# [Work instruction]
The only thing to send back is the number of lines below that hold the string "blast".

Stored data entries:
══════
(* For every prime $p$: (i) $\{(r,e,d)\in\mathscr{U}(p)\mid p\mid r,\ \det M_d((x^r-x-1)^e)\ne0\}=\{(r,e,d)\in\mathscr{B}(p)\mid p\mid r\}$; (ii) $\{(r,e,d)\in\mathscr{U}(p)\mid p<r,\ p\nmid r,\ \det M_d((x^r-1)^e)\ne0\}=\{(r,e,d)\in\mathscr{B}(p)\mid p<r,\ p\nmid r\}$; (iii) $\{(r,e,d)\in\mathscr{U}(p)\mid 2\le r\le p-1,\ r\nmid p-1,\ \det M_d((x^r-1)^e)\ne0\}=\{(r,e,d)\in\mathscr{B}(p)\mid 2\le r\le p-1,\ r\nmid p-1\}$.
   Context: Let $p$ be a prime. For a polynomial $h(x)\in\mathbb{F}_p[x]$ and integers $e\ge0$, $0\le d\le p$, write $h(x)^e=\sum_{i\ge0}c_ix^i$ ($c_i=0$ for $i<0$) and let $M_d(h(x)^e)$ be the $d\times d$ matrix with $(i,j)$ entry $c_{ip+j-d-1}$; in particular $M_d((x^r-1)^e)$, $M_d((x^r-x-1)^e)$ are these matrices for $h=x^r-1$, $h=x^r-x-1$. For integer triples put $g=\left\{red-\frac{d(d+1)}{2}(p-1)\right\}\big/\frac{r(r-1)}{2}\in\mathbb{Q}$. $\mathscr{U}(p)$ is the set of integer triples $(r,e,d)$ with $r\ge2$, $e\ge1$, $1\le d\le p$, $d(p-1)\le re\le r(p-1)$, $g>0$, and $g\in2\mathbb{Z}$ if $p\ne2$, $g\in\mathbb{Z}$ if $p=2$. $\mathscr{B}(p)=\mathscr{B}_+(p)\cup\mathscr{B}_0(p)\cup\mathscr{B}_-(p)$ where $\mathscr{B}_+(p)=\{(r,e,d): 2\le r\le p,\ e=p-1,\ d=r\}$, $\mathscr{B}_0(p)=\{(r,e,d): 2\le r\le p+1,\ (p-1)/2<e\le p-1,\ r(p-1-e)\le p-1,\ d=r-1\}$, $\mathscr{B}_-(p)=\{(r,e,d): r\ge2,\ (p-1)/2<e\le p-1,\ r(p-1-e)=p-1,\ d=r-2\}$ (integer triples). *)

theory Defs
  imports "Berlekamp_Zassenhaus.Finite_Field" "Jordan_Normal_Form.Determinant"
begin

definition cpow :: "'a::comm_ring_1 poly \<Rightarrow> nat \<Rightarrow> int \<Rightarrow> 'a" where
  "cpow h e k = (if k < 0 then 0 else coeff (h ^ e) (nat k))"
══════
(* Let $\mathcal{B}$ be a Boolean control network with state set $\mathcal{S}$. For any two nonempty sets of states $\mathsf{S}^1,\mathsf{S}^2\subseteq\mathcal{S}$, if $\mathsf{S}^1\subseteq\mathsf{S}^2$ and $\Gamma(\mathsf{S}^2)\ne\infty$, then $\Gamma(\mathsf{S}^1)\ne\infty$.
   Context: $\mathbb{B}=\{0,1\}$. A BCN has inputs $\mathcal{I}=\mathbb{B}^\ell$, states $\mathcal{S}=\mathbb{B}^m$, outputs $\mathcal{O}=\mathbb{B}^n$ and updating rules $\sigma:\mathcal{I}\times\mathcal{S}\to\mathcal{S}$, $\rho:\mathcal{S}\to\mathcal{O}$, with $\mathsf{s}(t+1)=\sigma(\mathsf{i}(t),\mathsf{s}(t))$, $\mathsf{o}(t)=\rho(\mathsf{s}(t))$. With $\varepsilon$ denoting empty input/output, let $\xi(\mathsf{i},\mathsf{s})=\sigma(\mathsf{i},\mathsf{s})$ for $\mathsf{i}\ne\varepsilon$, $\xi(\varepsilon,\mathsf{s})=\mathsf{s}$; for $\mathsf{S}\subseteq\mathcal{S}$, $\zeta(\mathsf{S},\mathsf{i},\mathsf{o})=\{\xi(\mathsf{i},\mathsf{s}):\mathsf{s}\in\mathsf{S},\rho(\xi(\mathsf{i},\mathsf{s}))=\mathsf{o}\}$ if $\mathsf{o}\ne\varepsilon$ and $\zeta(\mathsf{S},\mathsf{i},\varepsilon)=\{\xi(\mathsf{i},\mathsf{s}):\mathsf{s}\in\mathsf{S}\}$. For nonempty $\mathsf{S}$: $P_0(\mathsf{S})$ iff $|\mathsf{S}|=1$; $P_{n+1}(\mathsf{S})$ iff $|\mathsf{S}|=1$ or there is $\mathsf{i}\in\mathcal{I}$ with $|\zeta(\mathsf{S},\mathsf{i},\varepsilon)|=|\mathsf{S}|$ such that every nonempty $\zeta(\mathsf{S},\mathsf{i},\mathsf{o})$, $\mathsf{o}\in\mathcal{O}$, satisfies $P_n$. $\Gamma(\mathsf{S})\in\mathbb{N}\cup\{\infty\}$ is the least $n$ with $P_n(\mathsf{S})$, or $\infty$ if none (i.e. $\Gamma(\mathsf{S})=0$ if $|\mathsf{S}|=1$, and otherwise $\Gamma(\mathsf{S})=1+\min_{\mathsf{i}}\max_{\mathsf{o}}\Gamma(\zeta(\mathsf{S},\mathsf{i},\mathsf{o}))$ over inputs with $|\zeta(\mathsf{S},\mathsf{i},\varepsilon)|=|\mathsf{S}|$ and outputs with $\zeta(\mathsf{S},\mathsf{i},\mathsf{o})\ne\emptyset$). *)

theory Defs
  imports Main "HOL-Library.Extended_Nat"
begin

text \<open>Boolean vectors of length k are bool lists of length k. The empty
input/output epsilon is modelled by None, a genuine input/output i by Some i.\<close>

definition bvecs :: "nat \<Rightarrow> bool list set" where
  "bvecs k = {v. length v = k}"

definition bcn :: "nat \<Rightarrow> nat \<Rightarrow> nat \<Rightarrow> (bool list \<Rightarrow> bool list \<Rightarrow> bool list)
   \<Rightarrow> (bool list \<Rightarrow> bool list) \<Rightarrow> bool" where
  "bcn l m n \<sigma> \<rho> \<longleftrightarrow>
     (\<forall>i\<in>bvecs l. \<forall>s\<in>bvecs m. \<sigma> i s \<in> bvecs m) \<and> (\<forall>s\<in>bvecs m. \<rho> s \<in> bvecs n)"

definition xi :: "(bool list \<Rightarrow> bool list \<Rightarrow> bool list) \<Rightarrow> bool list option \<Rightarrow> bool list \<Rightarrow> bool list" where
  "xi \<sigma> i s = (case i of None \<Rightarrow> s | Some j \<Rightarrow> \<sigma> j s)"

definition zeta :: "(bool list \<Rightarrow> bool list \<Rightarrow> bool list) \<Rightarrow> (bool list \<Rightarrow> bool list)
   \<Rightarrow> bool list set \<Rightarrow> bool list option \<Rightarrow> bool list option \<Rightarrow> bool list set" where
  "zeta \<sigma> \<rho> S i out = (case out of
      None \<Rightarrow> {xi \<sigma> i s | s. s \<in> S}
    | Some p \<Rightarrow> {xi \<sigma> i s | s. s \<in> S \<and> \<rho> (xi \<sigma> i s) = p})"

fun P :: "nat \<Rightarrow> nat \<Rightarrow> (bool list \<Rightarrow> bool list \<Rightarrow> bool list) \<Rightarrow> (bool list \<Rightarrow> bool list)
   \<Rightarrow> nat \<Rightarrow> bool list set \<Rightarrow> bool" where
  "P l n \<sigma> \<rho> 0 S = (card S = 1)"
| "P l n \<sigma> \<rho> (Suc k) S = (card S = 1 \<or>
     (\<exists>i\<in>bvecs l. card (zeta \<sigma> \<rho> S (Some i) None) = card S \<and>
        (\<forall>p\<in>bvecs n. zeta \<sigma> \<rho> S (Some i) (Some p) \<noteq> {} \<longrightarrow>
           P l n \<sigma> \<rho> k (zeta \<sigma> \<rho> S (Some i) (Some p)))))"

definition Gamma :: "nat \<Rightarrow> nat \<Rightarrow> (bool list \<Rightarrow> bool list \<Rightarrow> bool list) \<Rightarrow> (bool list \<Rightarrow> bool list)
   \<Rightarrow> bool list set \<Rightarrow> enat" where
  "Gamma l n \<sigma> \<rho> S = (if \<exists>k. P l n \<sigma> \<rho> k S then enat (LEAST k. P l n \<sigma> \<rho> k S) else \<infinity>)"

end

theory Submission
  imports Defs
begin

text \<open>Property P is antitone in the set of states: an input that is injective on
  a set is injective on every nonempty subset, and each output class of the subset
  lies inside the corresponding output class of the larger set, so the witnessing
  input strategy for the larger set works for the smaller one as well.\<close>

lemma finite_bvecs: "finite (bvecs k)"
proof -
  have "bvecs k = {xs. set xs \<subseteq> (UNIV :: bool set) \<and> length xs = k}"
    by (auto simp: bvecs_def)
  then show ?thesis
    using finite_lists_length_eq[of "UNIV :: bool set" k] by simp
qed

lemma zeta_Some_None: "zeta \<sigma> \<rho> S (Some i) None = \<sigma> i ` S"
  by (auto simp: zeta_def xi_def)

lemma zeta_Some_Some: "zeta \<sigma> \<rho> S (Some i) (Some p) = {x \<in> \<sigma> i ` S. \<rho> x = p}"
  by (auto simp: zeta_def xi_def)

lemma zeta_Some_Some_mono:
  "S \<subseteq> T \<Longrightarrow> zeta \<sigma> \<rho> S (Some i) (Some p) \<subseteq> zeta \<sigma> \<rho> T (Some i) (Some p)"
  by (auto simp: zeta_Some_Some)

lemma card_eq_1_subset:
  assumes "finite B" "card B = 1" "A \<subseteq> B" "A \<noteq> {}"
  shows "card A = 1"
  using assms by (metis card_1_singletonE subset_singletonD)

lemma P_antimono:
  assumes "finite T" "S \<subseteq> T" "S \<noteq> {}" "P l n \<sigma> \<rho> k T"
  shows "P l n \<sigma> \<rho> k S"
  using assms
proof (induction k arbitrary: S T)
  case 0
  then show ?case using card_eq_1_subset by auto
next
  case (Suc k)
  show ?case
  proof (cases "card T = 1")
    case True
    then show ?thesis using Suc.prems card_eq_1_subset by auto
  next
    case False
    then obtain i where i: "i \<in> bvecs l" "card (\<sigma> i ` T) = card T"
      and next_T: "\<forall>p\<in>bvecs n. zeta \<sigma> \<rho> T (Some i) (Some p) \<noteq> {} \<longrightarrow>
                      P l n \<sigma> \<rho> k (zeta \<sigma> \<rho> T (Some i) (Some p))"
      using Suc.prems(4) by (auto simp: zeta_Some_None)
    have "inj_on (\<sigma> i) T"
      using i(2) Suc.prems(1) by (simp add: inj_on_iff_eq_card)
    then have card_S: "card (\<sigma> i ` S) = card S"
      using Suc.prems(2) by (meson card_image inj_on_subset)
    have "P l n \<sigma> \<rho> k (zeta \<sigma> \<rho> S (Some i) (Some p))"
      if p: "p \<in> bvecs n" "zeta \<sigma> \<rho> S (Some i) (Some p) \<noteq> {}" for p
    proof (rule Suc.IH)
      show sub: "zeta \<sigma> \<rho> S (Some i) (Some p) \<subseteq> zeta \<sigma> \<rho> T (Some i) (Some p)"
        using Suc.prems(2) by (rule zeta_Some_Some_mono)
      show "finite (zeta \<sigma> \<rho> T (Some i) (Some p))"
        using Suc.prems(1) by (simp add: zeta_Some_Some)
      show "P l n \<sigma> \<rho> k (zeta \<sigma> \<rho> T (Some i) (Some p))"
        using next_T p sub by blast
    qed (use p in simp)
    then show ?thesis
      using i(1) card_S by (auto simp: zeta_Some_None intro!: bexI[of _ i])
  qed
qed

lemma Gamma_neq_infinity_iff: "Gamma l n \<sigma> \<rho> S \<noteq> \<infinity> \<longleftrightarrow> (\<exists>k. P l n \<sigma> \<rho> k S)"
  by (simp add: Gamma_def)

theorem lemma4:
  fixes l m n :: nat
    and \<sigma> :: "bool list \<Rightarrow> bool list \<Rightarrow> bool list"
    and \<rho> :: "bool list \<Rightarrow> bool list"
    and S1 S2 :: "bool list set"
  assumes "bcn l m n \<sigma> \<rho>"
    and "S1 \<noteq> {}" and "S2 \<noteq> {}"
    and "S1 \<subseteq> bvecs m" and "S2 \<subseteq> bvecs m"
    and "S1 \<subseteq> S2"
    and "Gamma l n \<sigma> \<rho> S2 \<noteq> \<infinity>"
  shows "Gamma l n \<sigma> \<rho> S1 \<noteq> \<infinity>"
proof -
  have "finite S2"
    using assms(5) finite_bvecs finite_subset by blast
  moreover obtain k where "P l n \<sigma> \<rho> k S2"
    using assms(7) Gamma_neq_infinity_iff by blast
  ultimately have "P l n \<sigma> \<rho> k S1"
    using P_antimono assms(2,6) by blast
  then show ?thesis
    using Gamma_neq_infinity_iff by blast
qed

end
══════
# [Output for this exercise]
5